WHAT THE TASK REQUIRES: Begin at the line containing "using distinct_card[OF qs(6)]" in the data below and go on through the line containing "using qs(5) by", repeating each line exactly; include both ends and no other line.

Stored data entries
--- START ---

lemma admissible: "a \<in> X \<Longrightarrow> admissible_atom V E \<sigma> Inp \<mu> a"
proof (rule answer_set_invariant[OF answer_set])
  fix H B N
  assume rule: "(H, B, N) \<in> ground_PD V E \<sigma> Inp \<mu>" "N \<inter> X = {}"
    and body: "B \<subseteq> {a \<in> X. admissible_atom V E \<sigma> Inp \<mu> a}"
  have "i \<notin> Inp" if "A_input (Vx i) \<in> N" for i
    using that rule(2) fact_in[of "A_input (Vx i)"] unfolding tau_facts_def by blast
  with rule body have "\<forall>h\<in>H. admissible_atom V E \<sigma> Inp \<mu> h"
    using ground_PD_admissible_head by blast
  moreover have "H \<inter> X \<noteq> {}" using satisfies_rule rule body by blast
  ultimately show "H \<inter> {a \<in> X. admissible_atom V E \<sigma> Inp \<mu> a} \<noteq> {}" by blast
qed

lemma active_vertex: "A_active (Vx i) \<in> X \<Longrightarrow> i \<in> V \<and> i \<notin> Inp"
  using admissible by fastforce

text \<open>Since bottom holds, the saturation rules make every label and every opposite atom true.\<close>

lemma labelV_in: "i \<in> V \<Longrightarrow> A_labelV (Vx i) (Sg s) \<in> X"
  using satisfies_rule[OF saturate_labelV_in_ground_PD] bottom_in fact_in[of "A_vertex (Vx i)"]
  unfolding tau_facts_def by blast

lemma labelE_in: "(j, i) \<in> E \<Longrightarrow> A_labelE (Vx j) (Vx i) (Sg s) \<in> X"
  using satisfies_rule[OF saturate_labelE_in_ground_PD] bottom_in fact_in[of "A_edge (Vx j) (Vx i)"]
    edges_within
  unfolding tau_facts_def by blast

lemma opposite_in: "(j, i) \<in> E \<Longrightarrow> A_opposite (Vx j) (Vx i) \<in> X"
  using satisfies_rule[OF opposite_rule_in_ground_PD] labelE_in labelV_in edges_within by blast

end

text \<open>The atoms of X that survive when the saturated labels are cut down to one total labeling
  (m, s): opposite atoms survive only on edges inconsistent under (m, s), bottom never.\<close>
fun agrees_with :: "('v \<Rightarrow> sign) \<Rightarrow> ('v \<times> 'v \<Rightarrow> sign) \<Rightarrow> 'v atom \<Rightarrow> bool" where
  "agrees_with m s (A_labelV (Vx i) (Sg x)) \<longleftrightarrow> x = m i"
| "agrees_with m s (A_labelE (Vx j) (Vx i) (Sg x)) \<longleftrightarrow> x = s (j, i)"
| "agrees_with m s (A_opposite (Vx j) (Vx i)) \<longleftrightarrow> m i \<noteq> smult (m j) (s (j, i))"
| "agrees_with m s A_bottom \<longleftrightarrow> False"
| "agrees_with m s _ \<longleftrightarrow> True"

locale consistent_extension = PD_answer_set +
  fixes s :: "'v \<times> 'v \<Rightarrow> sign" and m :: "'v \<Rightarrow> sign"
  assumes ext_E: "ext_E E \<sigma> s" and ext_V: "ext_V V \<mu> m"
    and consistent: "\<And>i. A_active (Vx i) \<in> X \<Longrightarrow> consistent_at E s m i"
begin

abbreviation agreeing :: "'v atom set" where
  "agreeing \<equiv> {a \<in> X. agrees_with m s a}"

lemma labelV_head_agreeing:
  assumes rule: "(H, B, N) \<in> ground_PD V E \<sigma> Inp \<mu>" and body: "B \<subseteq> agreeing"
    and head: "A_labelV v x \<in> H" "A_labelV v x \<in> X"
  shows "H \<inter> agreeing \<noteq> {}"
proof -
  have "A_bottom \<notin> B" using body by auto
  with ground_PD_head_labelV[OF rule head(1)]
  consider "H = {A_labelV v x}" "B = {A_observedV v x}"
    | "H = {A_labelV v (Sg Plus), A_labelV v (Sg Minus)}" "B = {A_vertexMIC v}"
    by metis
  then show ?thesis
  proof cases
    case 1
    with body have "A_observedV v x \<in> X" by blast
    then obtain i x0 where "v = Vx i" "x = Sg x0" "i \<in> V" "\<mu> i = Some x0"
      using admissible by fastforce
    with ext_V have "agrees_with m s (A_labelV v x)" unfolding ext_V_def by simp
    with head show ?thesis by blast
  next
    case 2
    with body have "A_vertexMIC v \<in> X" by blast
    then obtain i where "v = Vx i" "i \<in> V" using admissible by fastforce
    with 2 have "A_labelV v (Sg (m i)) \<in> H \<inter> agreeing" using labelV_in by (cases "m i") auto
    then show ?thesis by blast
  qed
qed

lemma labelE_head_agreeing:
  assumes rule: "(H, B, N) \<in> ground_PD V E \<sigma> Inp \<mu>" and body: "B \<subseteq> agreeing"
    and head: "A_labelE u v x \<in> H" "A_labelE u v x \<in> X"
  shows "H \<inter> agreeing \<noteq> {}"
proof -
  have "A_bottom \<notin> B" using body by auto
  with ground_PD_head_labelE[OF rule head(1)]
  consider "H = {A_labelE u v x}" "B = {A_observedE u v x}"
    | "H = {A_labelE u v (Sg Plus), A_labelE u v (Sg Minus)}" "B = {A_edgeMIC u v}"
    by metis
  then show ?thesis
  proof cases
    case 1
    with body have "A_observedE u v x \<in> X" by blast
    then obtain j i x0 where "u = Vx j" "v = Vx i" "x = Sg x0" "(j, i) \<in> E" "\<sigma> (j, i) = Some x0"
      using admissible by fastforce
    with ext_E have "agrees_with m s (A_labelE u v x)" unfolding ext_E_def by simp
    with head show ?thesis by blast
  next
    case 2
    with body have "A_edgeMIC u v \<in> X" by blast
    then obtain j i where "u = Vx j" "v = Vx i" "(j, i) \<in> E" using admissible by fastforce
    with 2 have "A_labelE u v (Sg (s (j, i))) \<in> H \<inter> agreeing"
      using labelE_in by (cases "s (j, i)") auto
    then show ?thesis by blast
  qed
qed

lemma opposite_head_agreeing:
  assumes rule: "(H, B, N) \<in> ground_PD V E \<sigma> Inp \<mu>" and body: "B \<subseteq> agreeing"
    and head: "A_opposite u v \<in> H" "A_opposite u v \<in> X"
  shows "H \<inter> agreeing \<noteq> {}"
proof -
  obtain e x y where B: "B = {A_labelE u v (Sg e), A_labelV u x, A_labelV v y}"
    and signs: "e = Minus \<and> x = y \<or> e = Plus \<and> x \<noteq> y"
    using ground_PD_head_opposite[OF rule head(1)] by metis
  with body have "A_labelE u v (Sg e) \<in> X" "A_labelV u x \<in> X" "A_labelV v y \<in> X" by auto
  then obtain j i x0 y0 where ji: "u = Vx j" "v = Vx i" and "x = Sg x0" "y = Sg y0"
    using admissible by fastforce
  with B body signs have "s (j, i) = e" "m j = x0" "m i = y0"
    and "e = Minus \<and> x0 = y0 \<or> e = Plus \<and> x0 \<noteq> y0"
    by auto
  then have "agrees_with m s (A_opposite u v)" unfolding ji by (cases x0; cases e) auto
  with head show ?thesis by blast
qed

--- END ---
--- START ---

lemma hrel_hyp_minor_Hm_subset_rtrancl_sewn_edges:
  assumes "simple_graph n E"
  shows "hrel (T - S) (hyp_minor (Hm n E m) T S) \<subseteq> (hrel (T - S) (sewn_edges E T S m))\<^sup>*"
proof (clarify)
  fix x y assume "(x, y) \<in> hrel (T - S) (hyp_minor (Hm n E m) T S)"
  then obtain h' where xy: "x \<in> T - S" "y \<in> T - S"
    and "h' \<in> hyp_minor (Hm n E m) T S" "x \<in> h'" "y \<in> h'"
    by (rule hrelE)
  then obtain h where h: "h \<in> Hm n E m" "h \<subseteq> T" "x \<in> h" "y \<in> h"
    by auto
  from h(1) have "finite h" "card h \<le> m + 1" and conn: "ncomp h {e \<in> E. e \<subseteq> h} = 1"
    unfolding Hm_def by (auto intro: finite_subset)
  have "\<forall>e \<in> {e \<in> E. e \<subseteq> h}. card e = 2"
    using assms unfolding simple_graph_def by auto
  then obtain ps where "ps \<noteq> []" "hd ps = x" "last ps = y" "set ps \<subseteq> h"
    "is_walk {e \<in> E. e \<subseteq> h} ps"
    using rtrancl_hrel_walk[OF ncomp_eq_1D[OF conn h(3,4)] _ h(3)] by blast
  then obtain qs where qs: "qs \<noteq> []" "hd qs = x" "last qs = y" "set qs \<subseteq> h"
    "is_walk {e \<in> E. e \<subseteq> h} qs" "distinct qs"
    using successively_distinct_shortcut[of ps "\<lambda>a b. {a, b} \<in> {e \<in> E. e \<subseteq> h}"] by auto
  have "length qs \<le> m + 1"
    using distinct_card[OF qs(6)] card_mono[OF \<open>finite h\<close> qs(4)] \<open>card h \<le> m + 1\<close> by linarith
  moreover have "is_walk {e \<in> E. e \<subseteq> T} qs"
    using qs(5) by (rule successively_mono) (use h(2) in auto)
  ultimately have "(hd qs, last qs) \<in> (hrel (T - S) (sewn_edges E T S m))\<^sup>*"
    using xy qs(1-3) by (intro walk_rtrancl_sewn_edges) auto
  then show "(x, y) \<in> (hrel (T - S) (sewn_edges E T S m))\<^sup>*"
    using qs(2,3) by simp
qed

--- END ---
--- START ---

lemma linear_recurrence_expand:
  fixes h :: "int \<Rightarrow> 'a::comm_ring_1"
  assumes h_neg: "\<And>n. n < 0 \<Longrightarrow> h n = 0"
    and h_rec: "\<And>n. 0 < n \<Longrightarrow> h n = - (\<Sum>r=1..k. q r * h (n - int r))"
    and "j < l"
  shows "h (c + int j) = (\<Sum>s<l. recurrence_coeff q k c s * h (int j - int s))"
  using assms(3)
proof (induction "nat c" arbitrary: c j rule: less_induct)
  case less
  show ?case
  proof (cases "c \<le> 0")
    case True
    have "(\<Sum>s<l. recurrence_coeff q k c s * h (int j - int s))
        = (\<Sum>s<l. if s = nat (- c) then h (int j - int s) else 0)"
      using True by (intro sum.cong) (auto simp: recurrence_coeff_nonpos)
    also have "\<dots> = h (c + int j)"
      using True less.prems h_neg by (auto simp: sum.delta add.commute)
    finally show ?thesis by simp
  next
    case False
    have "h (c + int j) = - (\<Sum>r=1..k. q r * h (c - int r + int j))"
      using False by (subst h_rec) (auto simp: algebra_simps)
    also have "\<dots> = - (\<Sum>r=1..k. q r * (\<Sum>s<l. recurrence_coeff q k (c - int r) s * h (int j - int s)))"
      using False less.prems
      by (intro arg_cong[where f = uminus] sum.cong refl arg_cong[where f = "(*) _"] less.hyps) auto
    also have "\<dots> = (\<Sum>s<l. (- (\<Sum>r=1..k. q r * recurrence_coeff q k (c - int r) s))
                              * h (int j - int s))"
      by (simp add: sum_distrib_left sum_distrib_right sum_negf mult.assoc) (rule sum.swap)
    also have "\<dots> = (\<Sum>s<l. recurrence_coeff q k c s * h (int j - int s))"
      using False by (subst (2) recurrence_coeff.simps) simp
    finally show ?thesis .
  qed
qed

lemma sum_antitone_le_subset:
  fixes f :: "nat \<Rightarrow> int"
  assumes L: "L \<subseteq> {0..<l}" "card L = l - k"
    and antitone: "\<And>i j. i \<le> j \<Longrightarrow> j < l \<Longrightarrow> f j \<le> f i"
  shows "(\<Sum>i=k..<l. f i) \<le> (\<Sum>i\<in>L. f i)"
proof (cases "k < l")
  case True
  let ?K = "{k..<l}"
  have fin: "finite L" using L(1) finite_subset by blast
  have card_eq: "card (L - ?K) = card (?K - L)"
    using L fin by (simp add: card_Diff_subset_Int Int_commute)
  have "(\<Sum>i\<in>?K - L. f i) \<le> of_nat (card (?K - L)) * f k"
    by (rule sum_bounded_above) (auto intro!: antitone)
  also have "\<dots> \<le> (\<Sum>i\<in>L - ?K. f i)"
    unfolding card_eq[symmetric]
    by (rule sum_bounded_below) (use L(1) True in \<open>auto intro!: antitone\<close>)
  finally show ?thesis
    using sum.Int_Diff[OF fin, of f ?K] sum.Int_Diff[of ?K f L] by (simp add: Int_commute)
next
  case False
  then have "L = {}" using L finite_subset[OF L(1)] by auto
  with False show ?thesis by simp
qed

--- END ---

OUTPUT:
    using distinct_card[OF qs(6)] card_mono[OF \<open>finite h\<close> qs(4)] \<open>card h \<le> m + 1\<close> by linarith
  moreover have "is_walk {e \<in> E. e \<subseteq> T} qs"
    using qs(5) by (rule successively_mono) (use h(2) in auto)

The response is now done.